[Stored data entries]
(* Consider the $N$-node uplink system described in the context with weights $\omega_i>0$, arrival rates $\lambda_i\in(0,1]$ and success probabilities $p_i\in(0,1]$, and let $\lambda_{\min}=\min_i\lambda_i$. Let $(q^*_1,\dots,q^*_N)$ be an optimal solution of $$\min_{q_1,\dots,q_N>0}\ \frac{1}{2N}\sum_{i=1}^N\omega_i\left(\frac1{q_i}+3\right)\quad\text{s.t.}\quad\sum_{i=1}^N\frac{q_i}{p_i}\le1,\quad q_i\le\lambda_i\ \ \forall i,$$ and let $L_B=\frac{1}{2N}\sum_{i=1}^N\omega_i\left(\frac1{q^*_i}+3\right)$ be its optimal value. Let $R^{POMW}$ be the long-term expected weighted sum AoI of the POMW policy with parameters $\beta_i=\omega_i/(\lambda_iq^*_i)$. Then $$\frac{R^{POMW}}{L_B}<\frac{2}{\lambda_{\min}}.$$
   Context: System: $N$ nodes $i=1,\dots,N$ and one access point (AP); time slots $t=0,1,2,\dots$. Node $i$ receives a status update in each slot independently with probability $\lambda_i$ (independent across nodes and slots) and keeps only the latest one. Local age: $d_{t+1,i}=1$ if an update arrives at node $i$ in slot $t$, else $d_{t+1,i}=d_{t,i}+1$. In each slot the AP schedules at most one node; a scheduled node $i$'s transmission succeeds with probability $p_i$ independently. If node $i$ is scheduled and succeeds in slot $t$, the AP observes $d_{t,i}$ and $D_{t+1,i}=d_{t,i}+1$; otherwise the AP observes nothing about $d_{t,i}$ and $D_{t+1,i}=D_{t,i}+1$. Initialization: $d_{0,i}=D_{0,i}=1$ for all $i$. Belief: $b_{t,i}(d)=\Pr(d_{t,i}=d\mid\text{AP history up to slot }t-1)$. POMW policy with parameters $\beta_i>0$: in each slot $t$ the AP computes $G_{t,i}=D_{t,i}-\sum_{d\ge1}b_{t,i}(d)\,d$ for every $i$ and schedules a node $j\in\arg\max_i\beta_ip_iG_{t,i}$. The long-term expected weighted sum AoI of a policy $\pi$ is $\lim_{T\to\infty}\frac{1}{NT}\mathbb{E}\left[\sum_{t=1}^T\sum_{i=1}^N\omega_iD_{t,i}\,\middle|\,\pi\right]$. *)

theory Defs
  imports "HOL-Probability.Probability"
begin

(* Nodes are indexed 0..N-1 (paper: 1..N). Slots t = 0,1,2,...

   Randomness: an outcome is a pair (arrivals, successes) of boolean
   fields indexed by (slot, node):
     fst om (t,i) = an update arrives at node i in slot t  (prob lam i)
     snd om (t,i) = a transmission of node i in slot t would succeed (prob p i)
   all mutually independent.  Only the success bit of the scheduled node is
   ever used, so this is the model of the paper. *)

type_synonym outcome = "(nat \<times> nat \<Rightarrow> bool) \<times> (nat \<times> nat \<Rightarrow> bool)"

(* one AP observation in a slot: (scheduled node, Some d_{t,i} on success / None on failure) *)
type_synonym obs = "nat \<times> nat option"

(* a (deterministic, history dependent) scheduling policy of the AP *)
type_synonym policy = "nat \<Rightarrow> obs list \<Rightarrow> nat"

definition sys_pmf :: "nat \<Rightarrow> (nat \<Rightarrow> real) \<Rightarrow> (nat \<Rightarrow> real) \<Rightarrow> nat \<Rightarrow> outcome pmf" where
  "sys_pmf N lam p T =
     pair_pmf (Pi_pmf ({..<T} \<times> {..<N}) False (\<lambda>(t,i). bernoulli_pmf (lam i)))
              (Pi_pmf ({..<T} \<times> {..<N}) False (\<lambda>(t,i). bernoulli_pmf (p i)))"

definition arrival :: "outcome \<Rightarrow> nat \<Rightarrow> nat \<Rightarrow> bool" where
  "arrival om t i = fst om (t, i)"

definition success :: "outcome \<Rightarrow> nat \<Rightarrow> nat \<Rightarrow> bool" where
  "success om t i = snd om (t, i)"

primrec local_age :: "outcome \<Rightarrow> nat \<Rightarrow> nat \<Rightarrow> nat" where
  "local_age om i 0 = 1"
| "local_age om i (Suc t) = (if arrival om t i then 1 else local_age om i t + 1)"

(* AP history up to slot t-1 (observations of slots 0..t-1) under policy pol *)
primrec hist :: "policy \<Rightarrow> outcome \<Rightarrow> nat \<Rightarrow> obs list" where
  "hist pol om 0 = []"
| "hist pol om (Suc t) =
     (let u = pol t (hist pol om t)
      in hist pol om t @ [(u, if success om t u then Some (local_age om u t) else None)])"

primrec ap_age :: "policy \<Rightarrow> outcome \<Rightarrow> nat \<Rightarrow> nat \<Rightarrow> nat" where
  "ap_age pol om i 0 = 1"
| "ap_age pol om i (Suc t) =
     (let u = pol t (hist pol om t)
      in if u = i \<and> success om t i then local_age om i t + 1 else ap_age pol om i t + 1)"

definition belief :: "nat \<Rightarrow> (nat \<Rightarrow> real) \<Rightarrow> (nat \<Rightarrow> real) \<Rightarrow> policy
                      \<Rightarrow> nat \<Rightarrow> nat \<Rightarrow> obs list \<Rightarrow> nat \<Rightarrow> real" where
  "belief N lam p pol t i h d =
     measure_pmf.prob (sys_pmf N lam p t) {om. local_age om i t = d \<and> hist pol om t = h}
     / measure_pmf.prob (sys_pmf N lam p t) {om. hist pol om t = h}"

(* G_{t,i} = D_{t,i} - sum_{d>=1} b_{t,i}(d) d   (the d = 0 term is 0) *)
definition gain :: "nat \<Rightarrow> (nat \<Rightarrow> real) \<Rightarrow> (nat \<Rightarrow> real) \<Rightarrow> policy
                    \<Rightarrow> outcome \<Rightarrow> nat \<Rightarrow> nat \<Rightarrow> real" where
  "gain N lam p pol om t i =
     real (ap_age pol om i t) - (\<Sum>d. belief N lam p pol t i (hist pol om t) d * real d)"

definition is_POMW :: "nat \<Rightarrow> (nat \<Rightarrow> real) \<Rightarrow> (nat \<Rightarrow> real) \<Rightarrow> (nat \<Rightarrow> real) \<Rightarrow> policy \<Rightarrow> bool" where
  "is_POMW N lam p beta pol \<longleftrightarrow>
     (\<forall>t om. om \<in> set_pmf (sys_pmf N lam p t) \<longrightarrow>
        (let j = pol t (hist pol om t) in
           j < N \<and>
           (\<forall>i<N. beta i * p i * gain N lam p pol om t i \<le> beta j * p j * gain N lam p pol om t j)))"

definition avg_wAoI :: "nat \<Rightarrow> (nat \<Rightarrow> real) \<Rightarrow> (nat \<Rightarrow> real) \<Rightarrow> (nat \<Rightarrow> real) \<Rightarrow> policy \<Rightarrow> nat \<Rightarrow> real" where
  "avg_wAoI N w lam p pol T =
     measure_pmf.expectation (sys_pmf N lam p T)
       (\<lambda>om. \<Sum>t=1..T. \<Sum>i<N. w i * real (ap_age pol om i t)) / (real N * real T)"

(* long-term expected weighted sum AoI, taken as a limsup (equals the lim when it exists) *)
definition longterm_wAoI :: "nat \<Rightarrow> (nat \<Rightarrow> real) \<Rightarrow> (nat \<Rightarrow> real) \<Rightarrow> (nat \<Rightarrow> real) \<Rightarrow> policy \<Rightarrow> ereal" where
  "longterm_wAoI N w lam p pol = limsup (\<lambda>T. ereal (avg_wAoI N w lam p pol T))"

definition lb_feasible :: "nat \<Rightarrow> (nat \<Rightarrow> real) \<Rightarrow> (nat \<Rightarrow> real) \<Rightarrow> (nat \<Rightarrow> real) \<Rightarrow> bool" where
  "lb_feasible N lam p q \<longleftrightarrow>
     (\<forall>i<N. 0 < q i \<and> q i \<le> lam i) \<and> (\<Sum>i<N. q i / p i) \<le> 1"

definition lb_objective :: "nat \<Rightarrow> (nat \<Rightarrow> real) \<Rightarrow> (nat \<Rightarrow> real) \<Rightarrow> real" where
  "lb_objective N w q = (\<Sum>i<N. w i * (1 / q i + 3)) / (2 * real N)"

definition lb_optimal :: "nat \<Rightarrow> (nat \<Rightarrow> real) \<Rightarrow> (nat \<Rightarrow> real) \<Rightarrow> (nat \<Rightarrow> real) \<Rightarrow> (nat \<Rightarrow> real) \<Rightarrow> bool" where
  "lb_optimal N w lam p q \<longleftrightarrow>
     lb_feasible N lam p q \<and> (\<forall>q'. lb_feasible N lam p q' \<longrightarrow> lb_objective N w q \<le> lb_objective N w q')"

end

theory Submission
  imports Defs
begin

(* A Lyapunov drift argument on expected ages. Write d_i(t) and D_i(t) for the expected local
   and AP ages of node i. Since the arrival and success bits of slot t are independent of
   everything that happened before,
     d_i(t+1) = (1 - lam_i) d_i(t) + 1, hence d_i(t) <= 1/lam_i, and
     D_i(t+1) = D_i(t) + 1 - p_i E[1{i scheduled in slot t} G_i(t)],
   while the tower property of the belief gives E[G_i(t)] = D_i(t) - d_i(t). As
   sum_i q_i/p_i <= 1, the index beta_i p_i G_i maximised by POMW dominates the sub-convex
   combination sum_i (q_i/p_i) beta_i p_i G_i = sum_i (w_i/lam_i) G_i. For the potential
   Phi(t) = sum_i beta_i (D_i(t) - d_i(t)) this yields
     Phi(t+1) - Phi(t) <= sum_i w_i/(q_i lam_i) - sum_i (w_i/lam_i) (D_i(t) - d_i(t)),
   and telescoping from Phi(0) = 0 bounds the time-averaged weighted AoI by
   (1/N) sum_i w_i (1/q_i + 1)/lam_i < (2/lam_min) L_B. *)

section \<open>Expectations over finite probability mass functions\<close>

lemma expectation_pair_pmf_iterated:
  fixes F :: "'a \<times> 'b \<Rightarrow> real"
  assumes "finite (set_pmf A)" "finite (set_pmf B)"
  shows "measure_pmf.expectation (pair_pmf A B) F
       = measure_pmf.expectation A (\<lambda>a. measure_pmf.expectation B (\<lambda>b. F (a, b)))"
proof -
  have "measure_pmf.expectation (pair_pmf A B) F
      = (\<Sum>z\<in>set_pmf A \<times> set_pmf B. F z * pmf (pair_pmf A B) z)"
    using assms by (intro integral_measure_pmf_real) auto
  also have "\<dots> = (\<Sum>a\<in>set_pmf A. \<Sum>b\<in>set_pmf B. F (a, b) * (pmf A a * pmf B b))"
    by (auto simp: sum.cartesian_product case_prod_beta pmf_pair intro!: sum.cong)
  finally show ?thesis
    using assms by (simp add: integral_measure_pmf_real sum_distrib_left sum_distrib_right mult_ac)
qed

Exercise requirements: Using the entries above, give back exactly the line containing "pol om (Suc", the line containing "real (ap_age pol om i t) - (\<Sum>d.", and every line between them, and nothing else.

Solution:
| "hist pol om (Suc t) =
     (let u = pol t (hist pol om t)
      in hist pol om t @ [(u, if success om t u then Some (local_age om u t) else None)])"

primrec ap_age :: "policy \<Rightarrow> outcome \<Rightarrow> nat \<Rightarrow> nat \<Rightarrow> nat" where
  "ap_age pol om i 0 = 1"
| "ap_age pol om i (Suc t) =
     (let u = pol t (hist pol om t)
      in if u = i \<and> success om t i then local_age om i t + 1 else ap_age pol om i t + 1)"

definition belief :: "nat \<Rightarrow> (nat \<Rightarrow> real) \<Rightarrow> (nat \<Rightarrow> real) \<Rightarrow> policy
                      \<Rightarrow> nat \<Rightarrow> nat \<Rightarrow> obs list \<Rightarrow> nat \<Rightarrow> real" where
  "belief N lam p pol t i h d =
     measure_pmf.prob (sys_pmf N lam p t) {om. local_age om i t = d \<and> hist pol om t = h}
     / measure_pmf.prob (sys_pmf N lam p t) {om. hist pol om t = h}"

(* G_{t,i} = D_{t,i} - sum_{d>=1} b_{t,i}(d) d   (the d = 0 term is 0) *)
definition gain :: "nat \<Rightarrow> (nat \<Rightarrow> real) \<Rightarrow> (nat \<Rightarrow> real) \<Rightarrow> policy
                    \<Rightarrow> outcome \<Rightarrow> nat \<Rightarrow> nat \<Rightarrow> real" where
  "gain N lam p pol om t i =
     real (ap_age pol om i t) - (\<Sum>d. belief N lam p pol t i (hist pol om t) d * real d)"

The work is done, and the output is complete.